------ Input ------

lemma retraction_id: "retraction (G\<lparr>carrier := H\<rparr>) H id"
  by (simp add: retraction_def hom_def)

lemma retraction_restrict:
  assumes "retraction G H \<phi>" "K \<subseteq> carrier G"
  shows "retraction (G\<lparr>carrier := K\<rparr>) H \<phi>"
  using assms unfolding retraction_def hom_def by (simp add: Pi_iff subset_iff)

lemma retraction_comp:
  assumes "retraction G J \<rho>" "retraction (G\<lparr>carrier := J\<rparr>) H \<psi>" "H \<subseteq> J"
  shows "retraction G H (\<psi> \<circ> \<rho>)"
  using assms by (auto simp: retraction_def hom_def Pi_iff subset_iff)

lemma retraction_chain:
  fixes A :: "'b set \<Rightarrow> 'a set" and G :: "('a, 'c) monoid_scheme"
  assumes "finite Y" "X \<subseteq> Y" "mono A"
    and step: "\<And>Z z. Z \<subseteq> Y \<Longrightarrow> z \<in> Z \<Longrightarrow>
      \<exists>\<rho>. retraction (G\<lparr>carrier := A Z\<rparr>) (A (Z - {z})) \<rho>"
  shows "\<exists>\<phi>. retraction (G\<lparr>carrier := A Y\<rparr>) (A X) \<phi>"
proof -
  have "\<exists>\<phi>. retraction (G\<lparr>carrier := A (X \<union> D)\<rparr>) (A X) \<phi>" if "finite D" "D \<subseteq> Y - X" for D
    using that
  proof (induction rule: finite_subset_induct')
    case empty
    show ?case using retraction_id by auto
  next
    case (insert d D)
    then obtain \<phi> where \<phi>: "retraction (G\<lparr>carrier := A (X \<union> D)\<rparr>) (A X) \<phi>" by blast
    have "X \<union> insert d D - {d} = X \<union> D" using insert by auto
    then obtain \<rho> where "retraction (G\<lparr>carrier := A (X \<union> insert d D)\<rparr>) (A (X \<union> D)) \<rho>"
      using step[of "X \<union> insert d D" d] insert assms(2) by auto
    then have "retraction (G\<lparr>carrier := A (X \<union> insert d D)\<rparr>) (A X) (\<phi> \<circ> \<rho>)"
      using \<phi> \<open>mono A\<close> by (intro retraction_comp) (auto dest: monoD)
    then show ?case by blast
  qed
  from this[of "Y - X"] show ?thesis using assms(1,2) by (simp add: Un_absorb1)
qed

theorem lemma3p1:
  fixes M :: "'a \<Rightarrow> 'a \<Rightarrow> enat" and S :: "'a set"
  assumes "finite S" and "coxeter_matrix M S"
  shows "parabolic_retractable M S \<longleftrightarrow>
    (\<forall>X\<subseteq>S. \<forall>x\<in>X. \<exists>\<phi>.
       retraction ((artin_group M S)\<lparr>carrier := artin_parabolic M S X\<rparr>)
                  (artin_parabolic M S (X - {x})) \<phi>)"
proof
  assume "parabolic_retractable M S"
  show "\<forall>X\<subseteq>S. \<forall>x\<in>X. \<exists>\<phi>. retraction ((artin_group M S)\<lparr>carrier := artin_parabolic M S X\<rparr>)
    (artin_parabolic M S (X - {x})) \<phi>"
  proof (intro allI impI ballI)
    fix X x assume "X \<subseteq> S" "x \<in> X"
    then have "X - {x} \<subseteq> S" by blast
    then obtain \<phi> where "retraction (artin_group M S) (artin_parabolic M S (X - {x})) \<phi>"
      using \<open>parabolic_retractable M S\<close> by (auto simp: parabolic_retractable_def)
    moreover have "artin_parabolic M S X \<subseteq> carrier (artin_group M S)"
      using monoD[OF mono_artin_parabolic \<open>X \<subseteq> S\<close>, of M S] by (simp add: artin_parabolic_self)
    ultimately show "\<exists>\<phi>. retraction ((artin_group M S)\<lparr>carrier := artin_parabolic M S X\<rparr>)
      (artin_parabolic M S (X - {x})) \<phi>"
      by (blast intro: retraction_restrict)
  qed
next
  assume one_step: "\<forall>X\<subseteq>S. \<forall>x\<in>X. \<exists>\<phi>.
    retraction ((artin_group M S)\<lparr>carrier := artin_parabolic M S X\<rparr>)
      (artin_parabolic M S (X - {x})) \<phi>"
  have "\<exists>\<phi>. retraction (artin_group M S) (artin_parabolic M S X) \<phi>" if "X \<subseteq> S" for X
    using retraction_chain[OF \<open>finite S\<close> that mono_artin_parabolic[of M S],
        where G = "artin_group M S"] one_step
    by (simp add: artin_parabolic_self)
  then show "parabolic_retractable M S" by (simp add: parabolic_retractable_def)
qed

end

------

> _What the task requires_
Please transcribe the records above in full, keeping every word.

> _Expected answer_
lemma retraction_id: "retraction (G\<lparr>carrier := H\<rparr>) H id"
  by (simp add: retraction_def hom_def)

lemma retraction_restrict:
  assumes "retraction G H \<phi>" "K \<subseteq> carrier G"
  shows "retraction (G\<lparr>carrier := K\<rparr>) H \<phi>"
  using assms unfolding retraction_def hom_def by (simp add: Pi_iff subset_iff)

lemma retraction_comp:
  assumes "retraction G J \<rho>" "retraction (G\<lparr>carrier := J\<rparr>) H \<psi>" "H \<subseteq> J"
  shows "retraction G H (\<psi> \<circ> \<rho>)"
  using assms by (auto simp: retraction_def hom_def Pi_iff subset_iff)

lemma retraction_chain:
  fixes A :: "'b set \<Rightarrow> 'a set" and G :: "('a, 'c) monoid_scheme"
  assumes "finite Y" "X \<subseteq> Y" "mono A"
    and step: "\<And>Z z. Z \<subseteq> Y \<Longrightarrow> z \<in> Z \<Longrightarrow>
      \<exists>\<rho>. retraction (G\<lparr>carrier := A Z\<rparr>) (A (Z - {z})) \<rho>"
  shows "\<exists>\<phi>. retraction (G\<lparr>carrier := A Y\<rparr>) (A X) \<phi>"
proof -
  have "\<exists>\<phi>. retraction (G\<lparr>carrier := A (X \<union> D)\<rparr>) (A X) \<phi>" if "finite D" "D \<subseteq> Y - X" for D
    using that
  proof (induction rule: finite_subset_induct')
    case empty
    show ?case using retraction_id by auto
  next
    case (insert d D)
    then obtain \<phi> where \<phi>: "retraction (G\<lparr>carrier := A (X \<union> D)\<rparr>) (A X) \<phi>" by blast
    have "X \<union> insert d D - {d} = X \<union> D" using insert by auto
    then obtain \<rho> where "retraction (G\<lparr>carrier := A (X \<union> insert d D)\<rparr>) (A (X \<union> D)) \<rho>"
      using step[of "X \<union> insert d D" d] insert assms(2) by auto
    then have "retraction (G\<lparr>carrier := A (X \<union> insert d D)\<rparr>) (A X) (\<phi> \<circ> \<rho>)"
      using \<phi> \<open>mono A\<close> by (intro retraction_comp) (auto dest: monoD)
    then show ?case by blast
  qed
  from this[of "Y - X"] show ?thesis using assms(1,2) by (simp add: Un_absorb1)
qed

theorem lemma3p1:
  fixes M :: "'a \<Rightarrow> 'a \<Rightarrow> enat" and S :: "'a set"
  assumes "finite S" and "coxeter_matrix M S"
  shows "parabolic_retractable M S \<longleftrightarrow>
    (\<forall>X\<subseteq>S. \<forall>x\<in>X. \<exists>\<phi>.
       retraction ((artin_group M S)\<lparr>carrier := artin_parabolic M S X\<rparr>)
                  (artin_parabolic M S (X - {x})) \<phi>)"
proof
  assume "parabolic_retractable M S"
  show "\<forall>X\<subseteq>S. \<forall>x\<in>X. \<exists>\<phi>. retraction ((artin_group M S)\<lparr>carrier := artin_parabolic M S X\<rparr>)
    (artin_parabolic M S (X - {x})) \<phi>"
  proof (intro allI impI ballI)
    fix X x assume "X \<subseteq> S" "x \<in> X"
    then have "X - {x} \<subseteq> S" by blast
    then obtain \<phi> where "retraction (artin_group M S) (artin_parabolic M S (X - {x})) \<phi>"
      using \<open>parabolic_retractable M S\<close> by (auto simp: parabolic_retractable_def)
    moreover have "artin_parabolic M S X \<subseteq> carrier (artin_group M S)"
      using monoD[OF mono_artin_parabolic \<open>X \<subseteq> S\<close>, of M S] by (simp add: artin_parabolic_self)
    ultimately show "\<exists>\<phi>. retraction ((artin_group M S)\<lparr>carrier := artin_parabolic M S X\<rparr>)
      (artin_parabolic M S (X - {x})) \<phi>"
      by (blast intro: retraction_restrict)
  qed
next
  assume one_step: "\<forall>X\<subseteq>S. \<forall>x\<in>X. \<exists>\<phi>.
    retraction ((artin_group M S)\<lparr>carrier := artin_parabolic M S X\<rparr>)
      (artin_parabolic M S (X - {x})) \<phi>"
  have "\<exists>\<phi>. retraction (artin_group M S) (artin_parabolic M S X) \<phi>" if "X \<subseteq> S" for X
    using retraction_chain[OF \<open>finite S\<close> that mono_artin_parabolic[of M S],
        where G = "artin_group M S"] one_step
    by (simp add: artin_parabolic_self)
  then show "parabolic_retractable M S" by (simp add: parabolic_retractable_def)
qed

end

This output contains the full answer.